Officials in Idaho tried to apologize Tuesday for the racism the University of Utah’s women’s basketball team faced in Coeur d’Alene before an NCAA tournament game at Gonzaga.
They abruptly shut down the news conference when a far-right operative began shouting questions at a human rights advocate. Spokesman Review reporter Alex Duggan identified the agitator as Dave Reilly, a far-right activist and consultant with the powerful Idaho Freedom Foundation.
The harassment “was a distraction and upsetting and unfortunate,” Utah head coach Lynne Roberts said Monday in a news conference following the Utes’ loss to Gonzaga.
The majority of Idahoans have always been racist, homophobic, misogynistic and xenophobic. Ask any LGBTQ+ escapee from Idaho – I’ve known several.
My dad was raised in Idaho long ago, and while he did get over some of his Idahoan attitudes, others stuck with him his whole life, and damaged him and the people around him.

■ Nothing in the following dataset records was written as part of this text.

lemma summable_fam_prod:
  fixes h :: "'a \<times> 'b \<Rightarrow> lc"
  assumes "summable_fam UNIV f" "summable_fam UNIV g"
    and "\<And>k n. 0 \<le> h (k, n) \<and> h (k, n) \<le> f k \<and> h (k, n) \<le> g n"
  shows "summable_fam UNIV h"
  unfolding summable_fam_def
proof
  fix q
  have "nonvanishing q h UNIV \<subseteq> nonvanishing q f UNIV \<times> nonvanishing q g UNIV"
  proof (clarify)
    fix k n assume "(k, n) \<in> nonvanishing q h UNIV"
    hence "\<not> vanishes_upto q (h (k, n))" by (simp add: nonvanishing_def)
    thus "k \<in> nonvanishing q f UNIV \<and> n \<in> nonvanishing q g UNIV"
      using assms(3)[of k n] vanishes_upto_le by (auto simp: nonvanishing_def)
  qed
  thus "finite (nonvanishing q h UNIV)"
    using finite_nonvanishing[OF assms(1)] finite_nonvanishing[OF assms(2)] finite_subset by blast
qed

lemma summable_fam_nat_iff:
  "summable_fam (UNIV :: nat set) f \<longleftrightarrow> (\<forall>q. \<exists>N. \<forall>n\<ge>N. vanishes_upto q (f n))"
proof -
  have "finite (nonvanishing q f UNIV) \<longleftrightarrow> (\<exists>N. \<forall>n\<ge>N. vanishes_upto q (f n))" for q
  proof
    assume "finite (nonvanishing q f UNIV)"
    then obtain N where "nonvanishing q f UNIV \<subseteq> {..<N}" using finite_nat_bounded by blast
    hence "\<forall>n\<ge>N. vanishes_upto q (f n)" by (auto simp: nonvanishing_def subset_iff not_less[symmetric])
    thus "\<exists>N. \<forall>n\<ge>N. vanishes_upto q (f n)" by blast
  next
    assume "\<exists>N. \<forall>n\<ge>N. vanishes_upto q (f n)"
    then obtain N where "nonvanishing q f UNIV \<subseteq> {..<N}"
      by (auto simp: nonvanishing_def not_less[symmetric])
    thus "finite (nonvanishing q f UNIV)" using finite_subset by blast
  qed
  thus ?thesis by (simp add: summable_fam_def)
qed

I’ve been the target of an incident similar to the one described: Bigfoot pickup plastered with the usual stickers and full of young white men. As I walked across a nearly empty parking lot, the truck circled me, revving, as the men shouted abuse. I can tell you it scared the crap out of me. Then there was the rolling coal pickup that tailgated me for miles on a rural road. Fun times in Florida!
I’m so glad you got through those events in one piece. American violence is so pervasive that most people there don’t notice it anymore. I live in Mexico now, where old people are treated pretty well, and the US seems casually violent in so many, many ways when I visit. I’m no longer used to American levels of violence and constant, continuous, low-level threat.
It’s always a huge shock to me, returning to the United States after a few months in Europe. It starts with the omnipresent television screens in all the airports broadcasting CNN and the men with guns patrolling everywhere.
I sat at a diner in Billings MT some years ago as an acquaintance explained to me how socialistic health care was destroying Canada. Telling her that since I was a resident of Vancouver B.C., a dual citizen, and a regular user of Canadian health care, that she was dead wrong, made no impression on her or her friends whatsoever. She knew better than me. After all, she was an American Moron, me, WTF did I know?
Idaho in general and northern Idaho especially is a hotbed for racist morons. My chiropractor, who’s a middle of the road conservative, took his family on vacation to Idaho last year and when I asked him how it was he said Idaho was beautiful but a lot of people up there are “scary militia types.”